Q1 2026 research update

February 28, 2026

researchupdatefindings

Here is where things stand across our three main research tracks as of late February.

The Fifteen Standard. The standard is live and we have scored over 30 unique agent configurations. The main finding so far: safety-relevant behavior varies more across framework versions than across model versions. Upgrading from one framework version to the next changed safety scores more than switching between frontier models. This suggests that framework architecture matters more than model capability for deployment safety.

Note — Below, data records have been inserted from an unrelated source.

(* Let $p$ be a prime, $\alpha\ge1$ and $\beta\ge0$. For every $p^\alpha$-periodic function $f:\mathbb{Z}\to\mathbb{Z}$ (equivalently $f:\mathbb{Z}_{p^\alpha}\to\mathbb{Z}$), $$p^\beta\ \text{ divides }\ \Delta^{(\beta(p-1)+1)p^{\alpha-1}}f(x)\quad\text{for all }x.$$
   Context: For a function $f$ on $\mathbb{Z}$ (or on $\mathbb{Z}_q$, viewed as a $q$-periodic function on $\mathbb{Z}$) with values in an additive group, the difference operator is $\Delta f(x):=f(x+1)-f(x)$, and $\Delta^k$ is its $k$-fold iterate. *)

theory Defs
  imports Main "HOL-Computational_Algebra.Primes"
begin

definition diff_op :: "(int \<Rightarrow> 'a::ab_group_add) \<Rightarrow> (int \<Rightarrow> 'a)" where
  "diff_op f = (\<lambda>x. f (x + 1) - f x)"

definition diff_iter :: "nat \<Rightarrow> (int \<Rightarrow> 'a::ab_group_add) \<Rightarrow> (int \<Rightarrow> 'a)" where
  "diff_iter k f = (diff_op ^^ k) f"

end

theory Submission
  imports Defs "HOL-Computational_Algebra.Polynomial"
begin

text \<open>Let \<open>E\<close> be the shift \<open>g \<mapsto> g (\<cdot> + 1)\<close>, so that \<open>\<Delta> = E - 1\<close> and integer polynomials
  in \<open>E\<close> act on functions. Put \<open>q = p^(\<alpha>-1)\<close> and \<open>D = E^q - 1\<close>. The freshman's dream gives
  \<open>(E - 1)^q = D + p A\<close>, and \<open>(D + 1)^p = E^(p^\<alpha>)\<close> gives \<open>D^p \<equiv> p D B\<close> modulo \<open>M = E^(p^\<alpha>) - 1\<close>,
  which annihilates \<open>f\<close>. Hence \<open>D^(1 + k(p-1)) \<equiv> p^k D U (mod M)\<close>, and in the binomial expansion
  of \<open>\<Delta>^((\<beta>(p-1)+1)q) = (p A + D)^(\<beta>(p-1)+1)\<close> every term is a multiple of \<open>p^\<beta>\<close> modulo \<open>M\<close>.\<close>

lemma add_power_prime_eq:
  fixes a b :: "'a::comm_ring_1"
  assumes "prime p"
  shows "\<exists>c. (a + b) ^ p = a ^ p + b ^ p + of_nat p * a * b * c"
proof -
  have p2: "p \<ge> 2" using assms prime_ge_2_nat by blast
  have split: "{..p} = insert 0 (insert p {1..<p})" using p2 by auto
  have "of_nat p * a * b dvd (\<Sum>k\<in>{1..<p}. of_nat (p choose k) * a ^ k * b ^ (p - k))"
  proof (rule dvd_sum)
    fix k assume k: "k \<in> {1..<p}"
    obtain m where m: "p choose k = p * m" using dvd_choose_prime[of k p] k assms by auto
    have "a ^ k = a * a ^ (k - 1)" "b ^ (p - k) = b * b ^ (p - k - 1)"
      using k by (cases k; cases "p - k"; auto)+
    then have "of_nat (p choose k) * a ^ k * b ^ (p - k)
        = of_nat p * a * b * (of_nat m * a ^ (k - 1) * b ^ (p - k - 1))"
      by (simp add: m algebra_simps)
    then show "of_nat p * a * b dvd of_nat (p choose k) * a ^ k * b ^ (p - k)" by simp
  qed
  then obtain c where c: "(\<Sum>k\<in>{1..<p}. of_nat (p choose k) * a ^ k * b ^ (p - k)) = of_nat p * a * b * c"
    by (auto elim: dvdE)
  have "(a + b) ^ p = (\<Sum>k\<le>p. of_nat (p choose k) * a ^ k * b ^ (p - k))" by (rule binomial_ring)
  also have "\<dots> = b ^ p + (a ^ p + (\<Sum>k\<in>{1..<p}. of_nat (p choose k) * a ^ k * b ^ (p - k)))"
    unfolding split using p2 by simp
  finally show ?thesis using c by (auto simp: algebra_simps)
qed

lemma prime_dvd_add_power_prime_power:
  fixes a b :: "'a::comm_ring_1"
  assumes "prime p"
  shows "of_nat p dvd (a + b) ^ (p ^ k) - a ^ (p ^ k) - b ^ (p ^ k)"
proof (induction k)
  case 0
  show ?case by simp
next
  case (Suc k)
  define u where "u = a ^ (p ^ k) + b ^ (p ^ k)"
  from Suc obtain c where c: "(a + b) ^ (p ^ k) = u + of_nat p * c"
    unfolding u_def by (auto elim!: dvdE simp: algebra_simps)
  obtain c1 where c1: "(u + of_nat p * c) ^ p = u ^ p + (of_nat p * c) ^ p + of_nat p * u * (of_nat p * c) * c1"
    using add_power_prime_eq[OF assms] by blast
  have pow: "y ^ (p ^ Suc k) = (y ^ (p ^ k)) ^ p" for y :: 'a
    by (simp only: power_Suc2 power_mult)
  obtain c2 where c2: "u ^ p = a ^ (p ^ Suc k) + b ^ (p ^ Suc k) + of_nat p * a ^ (p ^ k) * b ^ (p ^ k) * c2"
    using add_power_prime_eq[OF assms, of "a ^ (p ^ k)" "b ^ (p ^ k)"] unfolding u_def pow by blast
  have "(a + b) ^ (p ^ Suc k) = ((a + b) ^ (p ^ k)) ^ p" by (rule pow)
  also have "\<dots> = u ^ p + (of_nat p * c) ^ p + of_nat p * u * (of_nat p * c) * c1"
    by (simp only: c c1)
  also have "\<dots> = a ^ (p ^ Suc k) + b ^ (p ^ Suc k)
      + ((of_nat p * c) ^ p + of_nat p * (u * (of_nat p * c) * c1 + a ^ (p ^ k) * b ^ (p ^ k) * c2))"
    by (simp only: c2) (simp add: algebra_simps)
  finally have "(a + b) ^ (p ^ Suc k) - a ^ (p ^ Suc k) - b ^ (p ^ Suc k)
      = (of_nat p * c) ^ p + of_nat p * (u * (of_nat p * c) * c1 + a ^ (p ^ k) * b ^ (p ^ k) * c2)"
    by simp
  moreover have "of_nat p dvd (of_nat p * c :: 'a) ^ p"
    using dvd_trans[OF dvd_triv_left dvd_power] assms prime_gt_0_nat by blast
  ultimately show ?case by simp
qed

lemma prime_dvd_diff_one_power_prime_power:
  fixes x :: "'a::comm_ring_1"
  assumes "prime p"
  shows "of_nat p dvd (x - 1) ^ (p ^ k) - (x ^ (p ^ k) - 1)"
proof -
  \<comment> \<open>\<open>(-1)^(p^k) \<equiv> -1 (mod p)\<close> without a parity case split: expand \<open>(1 + (-1))^(p^k) = 0\<close>.\<close>
  have "of_nat p dvd (1 + (-1 :: 'a)) ^ (p ^ k) - 1 ^ (p ^ k) - (-1) ^ (p ^ k)"
    using prime_dvd_add_power_prime_power[OF assms] .
  moreover have "(1 + (-1 :: 'a)) ^ (p ^ k) = 0"
    using assms prime_gt_0_nat by (simp add: power_0_left)
  ultimately have "of_nat p dvd - (1 + (-1 :: 'a) ^ (p ^ k))"
    by (simp add: algebra_simps)
  then have "of_nat p dvd (1 + (-1 :: 'a) ^ (p ^ k))" by (simp only: dvd_minus_iff)
  moreover have "of_nat p dvd (x + - 1) ^ (p ^ k) - x ^ (p ^ k) - (-1) ^ (p ^ k)"
    using prime_dvd_add_power_prime_power[OF assms] .
  ultimately have "of_nat p dvd ((x + - 1) ^ (p ^ k) - x ^ (p ^ k) - (-1) ^ (p ^ k)) + (1 + (-1) ^ (p ^ k))"
    by (simp only: dvd_add)
  then show ?thesis by (simp add: algebra_simps)
qed

lemma power_reduction_mod:
  fixes D M B :: "'a::comm_ring_1"
  assumes "p \<ge> 1" and DB: "M dvd D ^ p - of_nat p * D * B"
  shows "\<exists>U. M dvd D ^ (1 + k * (p - 1)) - of_nat p ^ k * D * U"
proof (induction k)
  case 0
  show ?case by (rule exI[of _ 1]) simp
next
  case (Suc k)
  then obtain U where U: "M dvd D ^ (1 + k * (p - 1)) - of_nat p ^ k * D * U" by blast
  have DD: "D ^ (1 + Suc k * (p - 1)) = D ^ (1 + k * (p - 1)) * D ^ (p - 1)"
    by (simp add: power_add)
  have Dp: "D ^ p = D * D ^ (p - 1)"
    using \<open>p \<ge> 1\<close> by (cases p) auto
  have "D ^ (1 + Suc k * (p - 1)) - of_nat p ^ Suc k * D * (U * B)
      = (D ^ (1 + k * (p - 1)) - of_nat p ^ k * D * U) * D ^ (p - 1)
        + of_nat p ^ k * U * (D ^ p - of_nat p * D * B)"
    unfolding DD Dp by (simp add: algebra_simps)
  also have "M dvd \<dots>"
    using U DB by (simp add: dvd_add dvd_mult2 dvd_mult)
  finally show ?case by blast
qed

lemma binomial_power_reduction_mod:
  fixes D M B A :: "'a::comm_ring_1"
  assumes p: "p \<ge> 2" and DB: "M dvd D ^ p - of_nat p * D * B"
  shows "\<exists>S. M dvd (of_nat p * A + D) ^ (\<beta> * (p - 1) + 1) - of_nat p ^ \<beta> * S"
proof -
  define m where "m = \<beta> * (p - 1) + 1"
  have "\<exists>S. M dvd of_nat (m choose k) * (of_nat p * A) ^ k * D ^ (m - k) - of_nat p ^ \<beta> * S" for k
  proof (cases "\<beta> \<le> k")
    case True
    then have "(of_nat p :: 'a) ^ k = of_nat p ^ \<beta> * of_nat p ^ (k - \<beta>)"
      by (simp flip: power_add)
    then have "of_nat (m choose k) * (of_nat p * A) ^ k * D ^ (m - k)
        = of_nat p ^ \<beta> * (of_nat (m choose k) * of_nat p ^ (k - \<beta>) * A ^ k * D ^ (m - k))"
      by (simp add: power_mult_distrib algebra_simps)
    then show ?thesis by (metis dvd_0_right diff_self)
  next
    case False
    \<comment> \<open>the binomial factor \<open>p^k\<close> is made up to \<open>p^\<beta>\<close> by the reduction of \<open>D^(1 + (\<beta>-k)(p-1))\<close>\<close>
    obtain U where U: "M dvd D ^ (1 + (\<beta> - k) * (p - 1)) - of_nat p ^ (\<beta> - k) * D * U"
      using power_reduction_mod[OF _ DB] p by fastforce
    have mk: "m - k = (1 + (\<beta> - k) * (p - 1)) + k * (p - 2)"
    proof -
      have "\<beta> * (p - 1) = (\<beta> - k) * (p - 1) + k * (p - 1)"
        using False by (simp flip: add_mult_distrib)
      moreover have "p - 1 = Suc (p - 2)" using p by simp
      ultimately show ?thesis unfolding m_def by simp
    qed
    have pk: "(of_nat p :: 'a) ^ k * of_nat p ^ (\<beta> - k) = of_nat p ^ \<beta>"
      using False by (simp flip: power_add)
    have "of_nat (m choose k) * (of_nat p * A) ^ k * D ^ (m - k)
        - of_nat p ^ \<beta> * (of_nat (m choose k) * A ^ k * D * U * D ^ (k * (p - 2)))
        = of_nat (m choose k) * (of_nat p * A) ^ k * D ^ (k * (p - 2))
          * (D ^ (1 + (\<beta> - k) * (p - 1)) - of_nat p ^ (\<beta> - k) * D * U)"
      unfolding mk power_add pk[symmetric] by (simp add: power_mult_distrib algebra_simps)
    then show ?thesis using U by (metis dvd_mult)
  qed
  then obtain S where S: "\<And>k. M dvd of_nat (m choose k) * (of_nat p * A) ^ k * D ^ (m - k) - of_nat p ^ \<beta> * S k"
    by metis
  have "(of_nat p * A + D) ^ m - of_nat p ^ \<beta> * (\<Sum>k\<le>m. S k)
      = (\<Sum>k\<le>m. of_nat (m choose k) * (of_nat p * A) ^ k * D ^ (m - k) - of_nat p ^ \<beta> * S k)"
    by (simp add: binomial_ring sum_subtractf sum_distrib_left)
  also have "M dvd \<dots>" using S by (simp add: dvd_sum)
  finally show ?thesis unfolding m_def by blast
qed

text \<open>\<open>poly_shift P g = P(E) g\<close> for the shift \<open>E g = g (\<cdot> + 1)\<close>.\<close>
definition poly_shift :: "'a::comm_ring_1 poly \<Rightarrow> (int \<Rightarrow> 'a) \<Rightarrow> int \<Rightarrow> 'a" where
  "poly_shift P g x = (\<Sum>i\<le>degree P. coeff P i * g (x + int i))"

lemma poly_shift_eq_sum:
  assumes "degree P < n"
  shows "poly_shift P g x = (\<Sum>i<n. coeff P i * g (x + int i))"
  unfolding poly_shift_def using assms
  by (intro sum.mono_neutral_left) (auto simp: coeff_eq_0)

lemma poly_shift_0 [simp]: "poly_shift 0 g x = 0"
  by (simp add: poly_shift_def)

lemma poly_shift_zero_fun [simp]: "poly_shift P (\<lambda>_. 0) x = 0"
  by (simp add: poly_shift_def)

lemma poly_shift_add: "poly_shift (P + Q) g x = poly_shift P g x + poly_shift Q g x"
proof -
  define n where "n = Suc (max (degree P) (degree Q))"
  have "degree (P + Q) < n" "degree P < n" "degree Q < n"
    unfolding n_def using degree_add_le_max[of P Q] by auto
  then show ?thesis by (simp add: poly_shift_eq_sum sum.distrib distrib_right)
qed

lemma poly_shift_diff: "poly_shift (P - Q) g x = poly_shift P g x - poly_shift Q g x"
  using poly_shift_add[of "P - Q" Q g x] by simp

lemma poly_shift_smult: "poly_shift (smult a P) g x = a * poly_shift P g x"
proof -
  have "degree (smult a P) < Suc (degree P)" "degree P < Suc (degree P)"
    using degree_smult_le[of a P] by auto
  then show ?thesis
    by (simp only: poly_shift_eq_sum) (simp add: sum_distrib_left mult.assoc del: sum.lessThan_Suc)
qed

lemma poly_shift_pCons: "poly_shift (pCons a P) g x = a * g x + poly_shift P g (x + 1)"
proof -
  define n where "n = Suc (degree P)"
  have "degree (pCons a P) < Suc n" "degree P < n"
    unfolding n_def using degree_pCons_le[of a P] by auto
  then show ?thesis
    by (simp only: poly_shift_eq_sum sum.lessThan_Suc_shift) (simp add: add_ac)
qed

lemma poly_shift_mult: "poly_shift (P * Q) g x = poly_shift P (poly_shift Q g) x"
proof (induction P arbitrary: x)
  case 0
  then show ?case by simp
next
  case (pCons a P)
  then show ?case by (simp add: poly_shift_add poly_shift_smult poly_shift_pCons)
qed

lemma poly_shift_monom_1: "poly_shift (monom 1 n) g x = g (x + int n)"
proof -
  have "degree (monom 1 n :: 'a poly) < Suc n" using degree_monom_le le_imp_less_Suc by blast
  then show ?thesis by (simp add: poly_shift_eq_sum if_distrib cong: if_cong)
qed

lemma diff_iter_eq_poly_shift: "diff_iter k f = poly_shift ([:-1, 1:] ^ k) f"
proof (induction k)
  case 0
  show ?case using poly_shift_monom_1[of 0 f] by (simp add: diff_iter_def fun_eq_iff)
next
  case (Suc k)
  have "poly_shift ([:-1, 1:] ^ Suc k) f x
      = poly_shift ([:-1, 1:] ^ k) f (x + 1) - poly_shift ([:-1, 1:] ^ k) f x" for x
    by (simp only: power_Suc poly_shift_mult) (simp add: poly_shift_pCons)
  moreover have "diff_iter (Suc k) f = diff_op (diff_iter k f)" by (simp add: diff_iter_def)
  ultimately show ?case by (simp add: Suc diff_op_def fun_eq_iff)
qed

lemma poly_shift_periodic:
  assumes "\<And>x. f (x + int N) = f x"
  shows "poly_shift (monom 1 N - 1) f x = 0"
  using poly_shift_monom_1[of N f x] poly_shift_monom_1[of 0 f x]
  by (simp add: poly_shift_diff assms)

lemma difference_poly_power_decomposition:
  assumes "prime p" and "\<alpha> \<ge> 1"
  shows "\<exists>S T. ([:-1, 1:] :: 'a::comm_ring_1 poly) ^ ((\<beta> * (p - 1) + 1) * p ^ (\<alpha> - 1))
           = smult (of_nat (p ^ \<beta>)) S + T * (monom 1 (p ^ \<alpha>) - 1)"
proof -
  define q where "q = p ^ (\<alpha> - 1)"
  define D :: "'a poly" where "D = monom 1 q - 1"
  define M :: "'a poly" where "M = monom 1 (p ^ \<alpha>) - 1"
  have qp: "q * p = p ^ \<alpha>"
    unfolding q_def using assms(2) by (simp flip: power_Suc2)
  obtain c where "(D + 1) ^ p = D ^ p + 1 ^ p + of_nat p * D * 1 * c"
    using add_power_prime_eq[OF assms(1)] by blast
  moreover have "(D + 1) ^ p = monom 1 (p ^ \<alpha>)"
    unfolding D_def by (simp add: monom_power qp)
  ultimately have "D ^ p - of_nat p * D * (- c) = M"
    unfolding M_def by (simp add: algebra_simps)
  then have DB: "M dvd D ^ p - of_nat p * D * (- c)" by simp
  have "[:-1, 1:] = monom (1 :: 'a) 1 - 1"
    by (simp add: monom_Suc monom_0 one_pCons)
  moreover have "of_nat p dvd (monom (1 :: 'a) 1 - 1) ^ q - D"
    using prime_dvd_diff_one_power_prime_power[OF assms(1), of "monom 1 1" "\<alpha> - 1"]
    unfolding q_def D_def by (simp add: monom_power)
  ultimately obtain A where A: "[:-1, 1:] ^ q = of_nat p * A + D"
    by (auto elim!: dvdE simp: algebra_simps)
  obtain S where "M dvd (of_nat p * A + D) ^ (\<beta> * (p - 1) + 1) - of_nat p ^ \<beta> * S"
    using binomial_power_reduction_mod[OF _ DB] prime_ge_2_nat[OF assms(1)] by blast
  then obtain T where "(of_nat p * A + D) ^ (\<beta> * (p - 1) + 1) - of_nat p ^ \<beta> * S = M * T"
    by (elim dvdE)
  then have ST: "(of_nat p * A + D) ^ (\<beta> * (p - 1) + 1) = of_nat p ^ \<beta> * S + T * M"
    by (metis diff_eq_eq add.commute mult.commute)
  have "[:-1, 1:] ^ ((\<beta> * (p - 1) + 1) * q) = ([:-1, 1:] ^ q) ^ (\<beta> * (p - 1) + 1)"
    by (simp only: mult.commute[of _ q] power_mult)
  also have "\<dots> = of_nat p ^ \<beta> * S + T * M" by (simp only: A ST)
  also have "of_nat p ^ \<beta> * S = smult (of_nat (p ^ \<beta>)) S"
    by (simp only: of_nat_power[symmetric] of_nat_poly[of "p ^ \<beta>"]) simp
  finally have "[:-1, 1:] ^ ((\<beta> * (p - 1) + 1) * q) = smult (of_nat (p ^ \<beta>)) S + T * M" .
  then show ?thesis unfolding q_def M_def by blast
qed

theorem theorem3p4:
  fixes p \<alpha> \<beta> :: nat and f :: "int \<Rightarrow> int"
  assumes "prime p" and "\<alpha> \<ge> 1"
    and "\<And>x. f (x + int (p ^ \<alpha>)) = f x"
  shows "\<forall>x. int (p ^ \<beta>) dvd diff_iter ((\<beta> * (p - 1) + 1) * p ^ (\<alpha> - 1)) f x"
proof
  fix x
  obtain S T where ST: "([:-1, 1:] :: int poly) ^ ((\<beta> * (p - 1) + 1) * p ^ (\<alpha> - 1))
      = smult (of_nat (p ^ \<beta>)) S + T * (monom 1 (p ^ \<alpha>) - 1)"
    using difference_poly_power_decomposition[OF assms(1,2)] by blast
  have "poly_shift (monom 1 (p ^ \<alpha>) - 1) f = (\<lambda>_. 0)"
    using poly_shift_periodic[of f "p ^ \<alpha>"] assms(3) by auto
  then have "diff_iter ((\<beta> * (p - 1) + 1) * p ^ (\<alpha> - 1)) f x = int (p ^ \<beta>) * poly_shift S f x"
    unfolding diff_iter_eq_poly_shift ST by (simp add: poly_shift_add poly_shift_smult poly_shift_mult)
  then show "int (p ^ \<beta>) dvd diff_iter ((\<beta> * (p - 1) + 1) * p ^ (\<alpha> - 1)) f x" by simp
qed

end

We are preparing a v1.1 update to the standard that adds real-world scenarios alongside the synthetic ones. We are also adding cross-complexity analysis as a first-class dimension after finding that safety behavior degrades systematically with task complexity.

Red teaming. We have completed three structured red team sessions covering scope escalation, execution replay, and privilege management. The full findings are being written up for publication. The most actionable finding is that runtime tool validation at the execution layer (not just the prompt layer) reduces scope violations by 80% or more. Frameworks without runtime validation are fundamentally exposed.

Frontier methods. Our investigation into evaluation-aware behavior is ongoing. Preliminary results suggest that agents do behave differently when they detect evaluation contexts, but the effect size varies significantly by model. We need more data before making strong claims.

What is next. Priorities for the rest of Q1 and into Q2: publish the red team findings, release the v1.1 standard update, and start a new research track on multi-agent coordination safety. When multiple agents work together, the safety properties of individual agents do not compose in obvious ways. A system of individually safe agents can produce collectively unsafe behavior. We want to understand when and why that happens.